When you sell yourself something, and all the parts fit, you resent the hell out of having somebody kick the foundation out from under it. You want to grab the structure to keep it from falling down.

“He played all night long?” I said, looking at that big red earnest face, looking in vain for any hint of lie or evasion.

His fleeting grin was mildly lewd. “Well into the bright cruel light of day, McGee. I can understand anybody being startled, after a good look at that Swede bride. Maybe poor Vance had to take a breather. She looks like one hell of a project.”

My pretty tower fell down. Fallacious suppositions make a hell of a jangle when they hit the dirt, particularly when you dislike the person you’ve nominated. I’d heard one little piece of that quarrel too, a piece that could be related to the previous Wednesday night. Maybe I’d heard him asking her where she’d gone that night. And she taunted him about Mexican boyfriends…

“Did Ulka have a night on the town too?” I asked him.

“She was going to, but not what you’d call a real swinging situation. One of Joanne’s concert things. I miss every one I can. Cocktails and a dinner party and a concert party. It was all set up, and Ulka decided not to go, and Joanne went alone.”

“Maybe Ulka went out later. Did they have a rental car?”

“I loaned them the Corvette I bought Jo. It’s the three-sixty and it’s just too much car for her. It scares her. Vance was wondering about buying it and they could drive it to San Francisco and have the rest of their stuff shipped. Okay with me, but we didn’t get around to making the deal. It’s new. About fifteen hundred miles on it. It scares Jo. She gets absent-minded and gooses it and it scares her.”
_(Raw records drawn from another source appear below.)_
(* Let $X,Y$ be locally compact Hausdorff spaces, $p\colon X\to Y$ a continuous proper map, and $\mu_X$ a positive Radon measure on $X$. Let $A$ be a dense $\mathbb{C}$-subalgebra of $C_0(Y)$, and let $M\subset C_0(X)\cap\mathcal{L}^1(X,\mu_X)$ be a $p^*A$-module under pointwise multiplication such that: (1) $M$ is stable under pointwise complex conjugation; (2) for every $y\in Y$, the set of restrictions of elements of $M$ to $p^{-1}(y)$ is dense in $C(p^{-1}(y))$; (3) for every $m\in M$ there exists $n\in M$ with $|m|\le n$. Then $\mathcal{RI}(X,\mu_X)\subset\overline{M}^{\tau_M}$; that is, for every $\mu_X$-Riemann integrable $\phi$ and every $\epsilon>0$ there exist $m_1,m_2\in \overline{M}^{\tau_M}$ (equivalently in $M$) with $|\phi-m_1|\le m_2$ and $\mu_X(m_2)<\epsilon$.
   Context: $p^*A=\{a\circ p: a\in A\}$. A function $\phi\colon X\to\mathbb{C}$ is $\mu_X$-Riemann integrable if it is bounded, compactly supported, and its set of discontinuity points is $\mu_X$-null; $\mathcal{RI}(X,\mu_X)$ is the set of such functions. For a linear subspace $M\subset\mathcal{L}^1(X,\mu_X)$ stable under complex conjugation, $\overline{M}^{\tau_M}$ denotes the set of $h\in\mathcal{L}^1(X,\mu_X)$ such that for every $\epsilon>0$ there exist $m_1,m_2\in M$ with $|h-m_1|\le m_2$ pointwise and $\mu_X(m_2)<\epsilon$. *)

theory Defs
  imports "HOL-Analysis.Analysis"
begin

definition C0 :: "('a::topological_space \<Rightarrow> complex) set" where
  "C0 = {f. continuous_on UNIV f \<and> (\<forall>e>0. compact {y. cmod (f y) \<ge> e})}"

definition proper_map_cont :: "('a::topological_space \<Rightarrow> 'b::topological_space) \<Rightarrow> bool" where
  "proper_map_cont p \<longleftrightarrow> continuous_on UNIV p \<and> (\<forall>K. compact K \<longrightarrow> compact (p -` K))"

definition radon_measure :: "'a::topological_space measure \<Rightarrow> bool" where
  "radon_measure mu \<longleftrightarrow> sets mu = sets borel \<and>
     (\<forall>K. compact K \<longrightarrow> emeasure mu K < \<infinity>) \<and>
     (\<forall>B\<in>sets mu. emeasure mu B = (INF U\<in>{U. open U \<and> B \<subseteq> U}. emeasure mu U)) \<and>
     (\<forall>U. open U \<longrightarrow> emeasure mu U = (SUP K\<in>{K. compact K \<and> K \<subseteq> U}. emeasure mu K))"

definition L1 :: "'a measure \<Rightarrow> ('a \<Rightarrow> complex) set" where
  "L1 mu = {f. integrable (completion mu) f}"

definition RI :: "'a::t2_space measure \<Rightarrow> ('a \<Rightarrow> complex) set" where
  "RI mu = {phi. bounded (range phi) \<and> compact (closure {x. phi x \<noteq> 0}) \<and>
              (\<exists>N\<in>null_sets (completion mu). {x. \<not> isCont phi x} \<subseteq> N)}"
(* For every Tychonoff space $X$, the free locally convex space $L(X)$ is DLP (hence also NP and tame).
   Context: The free locally convex space $L(X)$ over a Tychonoff space $X$ is the locally convex space containing $X$ as a (linearly independent, Hamel basis) topological subspace such that every continuous map from $X$ to a locally convex space extends uniquely to a continuous linear map on $L(X)$. A family $F$ of real functions on a set $K$ has DLP if for all sequences $(f_n)\subseteq F$, $(x_m)\subseteq K$, $\lim_n\lim_m f_n(x_m)=\lim_m\lim_n f_n(x_m)$ whenever both exist. A locally convex space $E$ is DLP if for every bounded $B\subseteq E$ and every equicontinuous weak-star compact $M\subseteq E^*$, the family $\{\varphi\mapsto\varphi(b)\}_{b\in B}$ on $M$ has DLP. *)

theory Defs
  imports "HOL-Analysis.Analysis"
begin

definition Tychonoff_space :: "'a topology \<Rightarrow> bool" where
  "Tychonoff_space X \<longleftrightarrow> completely_regular_space X \<and> Hausdorff_space X"

text \<open>The underlying vector space of L(X): finitely supported real functions on the
  points of X (formal finite linear combinations of points of X), with pointwise
  operations. The point x of X is identified with the Dirac function Ldelta x.\<close>

definition Lcarrier :: "'a topology \<Rightarrow> ('a \<Rightarrow> real) set" where
  "Lcarrier X = {f. finite {x. f x \<noteq> 0} \<and> {x. f x \<noteq> 0} \<subseteq> topspace X}"

definition Ldelta :: "'a \<Rightarrow> 'a \<Rightarrow> real" where
  "Ldelta x = (\<lambda>y. if y = x then 1 else 0)"

definition vadd :: "('a \<Rightarrow> real) \<Rightarrow> ('a \<Rightarrow> real) \<Rightarrow> 'a \<Rightarrow> real" where
  "vadd f g = (\<lambda>y. f y + g y)"

definition vsub :: "('a \<Rightarrow> real) \<Rightarrow> ('a \<Rightarrow> real) \<Rightarrow> 'a \<Rightarrow> real" where
  "vsub f g = (\<lambda>y. f y - g y)"

definition vscale :: "real \<Rightarrow> ('a \<Rightarrow> real) \<Rightarrow> 'a \<Rightarrow> real" where
  "vscale c f = (\<lambda>y. c * f y)"

definition vzero :: "'a \<Rightarrow> real" where
  "vzero = (\<lambda>y. 0)"

definition seminorm_on :: "('a \<Rightarrow> real) set \<Rightarrow> (('a \<Rightarrow> real) \<Rightarrow> real) \<Rightarrow> bool" where
  "seminorm_on V p \<longleftrightarrow>
     (\<forall>v\<in>V. 0 \<le> p v) \<and>
     (\<forall>c. \<forall>v\<in>V. p (vscale c v) = \<bar>c\<bar> * p v) \<and>
     (\<forall>v\<in>V. \<forall>w\<in>V. p (vadd v w) \<le> p v + p w)"

definition seminorm_topology ::
    "('a \<Rightarrow> real) set \<Rightarrow> (('a \<Rightarrow> real) \<Rightarrow> real) set \<Rightarrow> ('a \<Rightarrow> real) topology" where
  "seminorm_topology V P = topology (\<lambda>U. U \<subseteq> V \<and>
     (\<forall>v\<in>U. \<exists>F e. finite F \<and> F \<subseteq> P \<and> 0 < e \<and>
        {w\<in>V. \<forall>p\<in>F. p (vsub w v) < e} \<subseteq> U))"
lemma sum_block_le:
  assumes l: "1 \<le> l" and "0 \<le> G" and "\<And>i. i \<in> block l \<Longrightarrow> g i \<le> G"
  shows "(\<Sum>i\<in>block l. g i / real i) \<le> 3 * G"
proof -
  have "(\<Sum>i\<in>block l. g i / real i) \<le> (\<Sum>i\<in>block l. G / 4 ^ (l - 1))"
  proof (rule sum_mono)
    fix i assume i: "i \<in> block l"
    have i4: "(4::real) ^ (l - 1) \<le> real i"
      using block_lower[OF i] by (metis of_nat_le_iff of_nat_numeral of_nat_power)
    have "g i / real i \<le> G / real i"
      using assms(3)[OF i] i4 by (simp add: divide_right_mono)
    also have "\<dots> \<le> G / 4 ^ (l - 1)"
      by (rule divide_left_mono[OF i4 assms(2)])
        (use i4 in \<open>metis mult_pos_pos less_le_trans zero_less_numeral zero_less_power\<close>)
    finally show "g i / real i \<le> G / 4 ^ (l - 1)" .
  qed
  also have "\<dots> = 3 * G" using card_block[OF l] by simp
  finally show ?thesis .
qed

lemma abs_block_sum_le:
  assumes "1 \<le> l"
  shows "\<bar>\<Sum>i\<in>block l. (f (x i) - mu i) / real i\<bar> \<le> R"
proof -
  have mu: "\<bar>mu i\<bar> \<le> Bf" for i
    unfolding mu_def by (rule E_abs_le[OF f_Wn_in_H f_bounded(2)])
  have "\<bar>\<Sum>i\<in>block l. (f (x i) - mu i) / real i\<bar> \<le> (\<Sum>i\<in>block l. \<bar>f (x i) - mu i\<bar> / real i)"
    using sum_abs[of "\<lambda>i. (f (x i) - mu i) / real i"] by (simp add: abs_div)
  also have "\<dots> \<le> 3 * (2 * Bf)"
  proof (rule sum_block_le[OF assms])
    show "0 \<le> 2 * Bf" using f_bounded(1) by simp
    show "\<bar>f (x i) - mu i\<bar> \<le> 2 * Bf" for i using f_bounded(2)[of "x i"] mu[of i] by linarith
  qed
  finally show ?thesis unfolding R_def by simp
qed
(* Let $\mathrm{N}\ge 1$ and let the rows and the columns of complex $\mathrm{N}\times\mathrm{N}$ matrices be indexed by finite sets of real labels $\{p\}$ (rows) and $\{p'\}$ (columns), so that a matrix $M$ has entries $M_{p_1p_2}$. Let $E_k(p_1,p_2):=p_1+p_2+m+R_k(p_1,p_2)$, where $m\in\mathbb{R}$ and $R_k$ is a real-valued function of two labels. Define $$H[M,\overline{M}]:=\sum_{p_1,p_2}\overline{M}_{p_1p_2}\,E_k(p_1,p_2)\,M_{p_1p_2}+\sum_{q\ge 2}\frac{a_q\,\mathrm{N}^{-q+1}}{(q!)^2}\,\mathrm{Tr}\,(M^\dagger M)^q$$ with real coefficients $a_q$, and for complex source matrices $L$ the partition function $$Z[L,\overline{L}]:=\int \mathrm{d}M\,\mathrm{d}\overline{M}\;e^{-H[M,\overline{M}]+\overline{L}\cdot M+\overline{M}\cdot L},\qquad A\cdot B:=\sum_{i,j}A_{ij}B_{ij},$$ where $\mathrm{d}M\,\mathrm{d}\overline{M}$ is the Lebesgue measure on $\mathbb{C}^{\mathrm{N}\times\mathrm{N}}$. Then for all row labels $p_1,p_1'$, $$\sum_{p_2}\Bigg(\delta E_k(p_1,p_1',p_2)\,\frac{\partial^2}{\partial L_{p_1p_2}\,\partial\overline{L}_{p_1'p_2}}+\overline{L}_{p_1p_2}\frac{\partial}{\partial\overline{L}_{p_1'p_2}}-L_{p_1'p_2}\frac{\partial}{\partial L_{p_1p_2}}\Bigg)Z[L,\overline{L}]=0,$$ where $\delta E_k(p_1,p_1',p_2):=E_k(p_1',p_2)-E_k(p_1,p_2)=(p_1'-p_1)+R_k(p_1',p_2)-R_k(p_1,p_2)$, the sum runs over column labels $p_2$, and $L,\overline{L}$ are treated as independent variables.
   Context: $\overline{M}$ denotes the entrywise complex conjugate of $M$ and $M^\dagger$ its conjugate transpose. The derivatives are defined so that $\partial Z/\partial\overline{L}_{ij}=\int M_{ij}\,e^{\cdots}$ and $\partial Z/\partial L_{ij}=\int \overline{M}_{ij}\,e^{\cdots}$. It is assumed that the integral defining $Z$, and the integrals obtained by differentiating under the integral sign with respect to the sources, converge absolutely (e.g. finitely many nonzero $a_q$ with the highest one positive). *)

theory Defs
  imports "HOL-Analysis.Analysis"
begin
(* Let $f(x)=1+x\in\mathbb F_2[x]$. For an integer $r\ge1$ let $B=\{(i,j)\in\mathbb Z^2:0\le i\le j\le r-1\}$, and for $p\in(0,1)$ let $B^*\subseteq B$ be a random subset containing each site of $B$ independently with probability $p$. Let $F_r=\mathrm{span}_{\mathbb F_2}\{x^i f(x)^{\,r-1-j}:(i,j)\in B^*\}$, a subspace of the $r$-dimensional space of polynomials in $\mathbb F_2[x]$ of degree at most $r-1$, and let $d_r=\dim F_r$. Then for every $p\in(0,1)$ and every $\kappa>0$ there exist constants $c>0$ and $C>0$ such that for all $L\ge2$, with $r=\lceil \tfrac{c}{p^{3}}\log L\rceil$, $$1-\mathrm{Prob}[d_r=r]\le C\,L^{-\kappa}.$$ (In particular the exponent can be taken larger than $3$.)
   Context: Here $x^i f^{r-1-j}$ for a site $(i,j)$ represents, in the polynomial representation of the cubic-lattice fractal code, the pattern of excitations on the bottom row of $B$ that can be absorbed by a removed stabilizer term at $(i,j)$; $d_r=r$ means every polynomial of degree at most $r-1$ lies in $F_r$. *)

theory Defs
  imports Complex_Main "HOL-Library.Z2" "HOL-Computational_Algebra.Polynomial"
begin

definition fpoly :: "bit poly" where
  "fpoly = [:1, 1:]"

definition siteB :: "nat \<Rightarrow> (nat \<times> nat) set" where
  "siteB r = {(i, j). i \<le> j \<and> j \<le> r - 1}"
(* Let $N\ge 1$ be an integer, $\rho,\alpha,q\in[0,1]$, and $(r_n)_{n\ge0}$ with $0\le r_n<1$. Let $Z_n(i)\in[0,1]$ ($i=1,\dots,N$, $n\ge 0$) evolve by $Z_{n+1}(i)=(1-r_n)Z_n(i)+r_n(\rho I_{n+1}(i)+(1-\rho)q)$, where, with $\mathcal F_n=\sigma(Z_k(i):\,1\le i\le N,\ 0\le k\le n)$ and $Z_n=\frac1N\sum_{i=1}^N Z_n(i)$, the $I_{n+1}(1),\dots,I_{n+1}(N)\in\{0,1\}$ are conditionally independent given $\mathcal F_n$ with $P(I_{n+1}(i)=1\mid\mathcal F_n)=(1-\alpha)Z_n(i)+\alpha Z_n$. Suppose $\sum_n r_n=+\infty$, $\sum_n r_n^2<+\infty$ and $\rho(1-\alpha)<1$. Then for every $i\in\{1,\dots,N\}$, $Z_n(i)-Z_n\to0$ almost surely. In particular, if $Z$ is the almost sure limit of $Z_n$, then $Z_n(i)\to Z$ almost surely for every $i$.
   Context: The paper's standing assumption on the initial condition (permutation invariant law, $E[Z_0(i)]=1/2$, $E[Z_0(1-Z_0)]>0$) may also be imposed but is not needed for this result. *)

theory Defs
  imports "HOL-Probability.Probability"
begin

definition nat_filtr :: "'a measure \<Rightarrow> nat \<Rightarrow> (nat \<Rightarrow> nat \<Rightarrow> 'a \<Rightarrow> real) \<Rightarrow> nat \<Rightarrow> 'a measure" where
  "nat_filtr M N Z n = sigma (space M)
     {Z k i -` B \<inter> space M | k i B. k \<le> n \<and> i \<in> {1..N} \<and> B \<in> sets borel}"

definition cond_prob_given :: "'a measure \<Rightarrow> 'a measure \<Rightarrow> 'a set \<Rightarrow> 'a \<Rightarrow> real" where
  "cond_prob_given M F A = real_cond_exp M F (indicator A)"

definition cond_indep_vars :: "'a measure \<Rightarrow> 'a measure \<Rightarrow> 'i set \<Rightarrow> ('i \<Rightarrow> 'a \<Rightarrow> real) \<Rightarrow> bool" where
  "cond_indep_vars M F S X \<longleftrightarrow>
     (\<forall>B. (\<forall>i\<in>S. B i \<in> sets borel) \<longrightarrow>
        (AE w in M. cond_prob_given M F (\<Inter>i\<in>S. X i -` B i \<inter> space M) w
                   = (\<Prod>i\<in>S. cond_prob_given M F (X i -` B i \<inter> space M) w)))"

end

(*
  Fix an agent i and put D n = Z n i - Zbar n. Averaging the recursion over the agents gives
  D (n+1) = (1 - c r n) D n + x n with c = 1 - \<rho> (1 - \<alpha>) > 0 and
  x n = r n \<rho> (h n i - mean of the h n j), where h n j = I (n+1) j - P(I (n+1) j = 1 | F n)
  are the innovations. So x n is a martingale difference bounded by 2 r n; as the r n are square
  summable, Kolmogorov's maximal inequality makes the series of the x n converge almost surely.
  A deterministic lemma then gives D n \<longrightarrow> 0, because the sum of the c r n diverges.
*)
theory Submission
  imports Defs
begin

lemma contraction_le_exp_sum:
  fixes h a :: "nat \<Rightarrow> real"
  assumes nonneg: "\<And>n. 0 \<le> h n"
    and step: "\<And>n. n \<ge> n0 \<Longrightarrow> h (Suc n) \<le> (1 - a n) * h n"
    and "n0 \<le> n"
  shows "h n \<le> h n0 * exp (- (\<Sum>k\<in>{n0..<n}. a k))"
  using \<open>n0 \<le> n\<close>
proof (induction n rule: dec_induct)
  case base then show ?case by simp
next
  case (step n)
  have "h (Suc n) \<le> (1 - a n) * h n"
    using assms(2)[OF step(1)] .
  also have "\<dots> \<le> exp (- a n) * h n"
    using exp_ge_add_one_self[of "- a n"] nonneg[of n] by (intro mult_right_mono) simp_all
  also have "\<dots> \<le> exp (- a n) * (h n0 * exp (- (\<Sum>k\<in>{n0..<n}. a k)))"
    using step.IH by simp
  also have "\<dots> = h n0 * exp (- (\<Sum>k\<in>{n0..<Suc n}. a k))"
    using step(1) by (simp add: exp_add[symmetric])
  finally show ?case .
qed

lemma contraction_tendsto_zero:
  fixes h a :: "nat \<Rightarrow> real"
  assumes nonneg: "\<And>n. 0 \<le> h n"
    and step: "\<And>n. n \<ge> n0 \<Longrightarrow> h (Suc n) \<le> (1 - a n) * h n"
    and div: "filterlim (\<lambda>n. \<Sum>k<n. a k) at_top sequentially"
  shows "h \<longlonglongrightarrow> 0"
proof (rule Lim_null_comparison)
  have "filterlim (\<lambda>n. (\<Sum>k<n. a k) - (\<Sum>k<n0. a k)) at_top sequentially"
    using filterlim_tendsto_add_at_top[OF tendsto_const div, of "- (\<Sum>k<n0. a k)"] by simp
  then have "((\<lambda>n. h n0 * exp (- ((\<Sum>k<n. a k) - (\<Sum>k<n0. a k)))) \<longlongrightarrow> h n0 * 0) sequentially"
    by (intro tendsto_mult tendsto_const filterlim_compose[OF exp_at_bot]) (simp add: filterlim_uminus_at_bot)
  then show "((\<lambda>n. h n0 * exp (- ((\<Sum>k<n. a k) - (\<Sum>k<n0. a k)))) \<longlongrightarrow> 0) sequentially"
    by simp
  have bound: "norm (h n) \<le> h n0 * exp (- ((\<Sum>k<n. a k) - (\<Sum>k<n0. a k)))" if "n \<ge> n0" for n
    using contraction_le_exp_sum[of h n0 a n, OF nonneg step that] nonneg[of n] that
    by (simp add: sum_diff_nat_ivl[of 0, simplified atLeast0LessThan, symmetric] atLeast0LessThan)
  show "\<forall>\<^sub>F n in sequentially. norm (h n) \<le> h n0 * exp (- ((\<Sum>k<n. a k) - (\<Sum>k<n0. a k)))"
    by (rule eventually_mono[OF eventually_ge_at_top[of n0] bound])
qed

lemma averaging_recursion_tendsto_zero:
  fixes E u a :: "nat \<Rightarrow> real"
  assumes a: "\<And>n. 0 \<le> a n" "\<And>n. a n \<le> 1"
    and rec: "\<And>n. E (Suc n) = (1 - a n) * E n + a n * u n"
    and u: "u \<longlonglongrightarrow> 0"
    and div: "filterlim (\<lambda>n. \<Sum>k<n. a k) at_top sequentially"
  shows "E \<longlonglongrightarrow> 0"
proof (rule LIMSEQ_I)
  fix e :: real assume "0 < e"
  then obtain n0 where n0: "\<And>n. n \<ge> n0 \<Longrightarrow> \<bar>u n\<bar> < e / 2"
    using LIMSEQ_D[OF u, of "e / 2"] by auto
  define h where "h n = max (\<bar>E n\<bar> - e / 2) 0" for n
  have "h (Suc n) \<le> (1 - a n) * h n" if "n \<ge> n0" for n
  proof -
    have "\<bar>E (Suc n)\<bar> \<le> (1 - a n) * \<bar>E n\<bar> + a n * \<bar>u n\<bar>"
      using a[of n] abs_triangle_ineq[of "(1 - a n) * E n" "a n * u n"]
      by (simp add: rec abs_mult)
    also have "\<dots> \<le> (1 - a n) * \<bar>E n\<bar> + a n * (e / 2)"
      using n0[OF that] a[of n] by (intro add_left_mono mult_left_mono) auto
    finally have "\<bar>E (Suc n)\<bar> - e / 2 \<le> (1 - a n) * (\<bar>E n\<bar> - e / 2)"
      by (simp add: algebra_simps add_divide_distrib diff_divide_distrib)
    also have "\<dots> \<le> (1 - a n) * h n"
      using a[of n] by (intro mult_left_mono) (auto simp: h_def)
    finally show ?thesis
      using a[of n] by (simp add: h_def)
  qed
  then have "h \<longlonglongrightarrow> 0"
    by (intro contraction_tendsto_zero[OF _ _ div]) (auto simp: h_def)
  then obtain m where m: "\<And>n. n \<ge> m \<Longrightarrow> \<bar>h n\<bar> < e / 2"
    using LIMSEQ_D[of h 0 "e / 2"] \<open>0 < e\<close> by auto
  then have "\<bar>E n\<bar> < e" if "n \<ge> m" for n
    using m[OF that] by (simp add: h_def max_def split: if_splits)
  then show "\<exists>m. \<forall>n\<ge>m. norm (E n - 0) < e"
    by auto
qed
“Was that Wednesday night the only time they’ve been apart?”

“He stuck pretty close to her.”

“They drive around in that car much?”

“We were keeping them too busy. What’s this all about?”

I shrugged. “Nothing. Idle chatter.” After some small talk, he fixed himself another drink and ambled off into the house. I went. down the path to the guest house. The Sting Ray was in the carport, top down. I looked at the speedometer, and then walked slowly and thoughtfully back to the main house. I couldn’t tell Glenn what was on my mind. The toppled pieces of my theory suddenly looked good again. I was putting it back together, with a new name on it. The problem was motive. A weird guess stopped me in my tracks. I took long strides the rest of the way to the main house.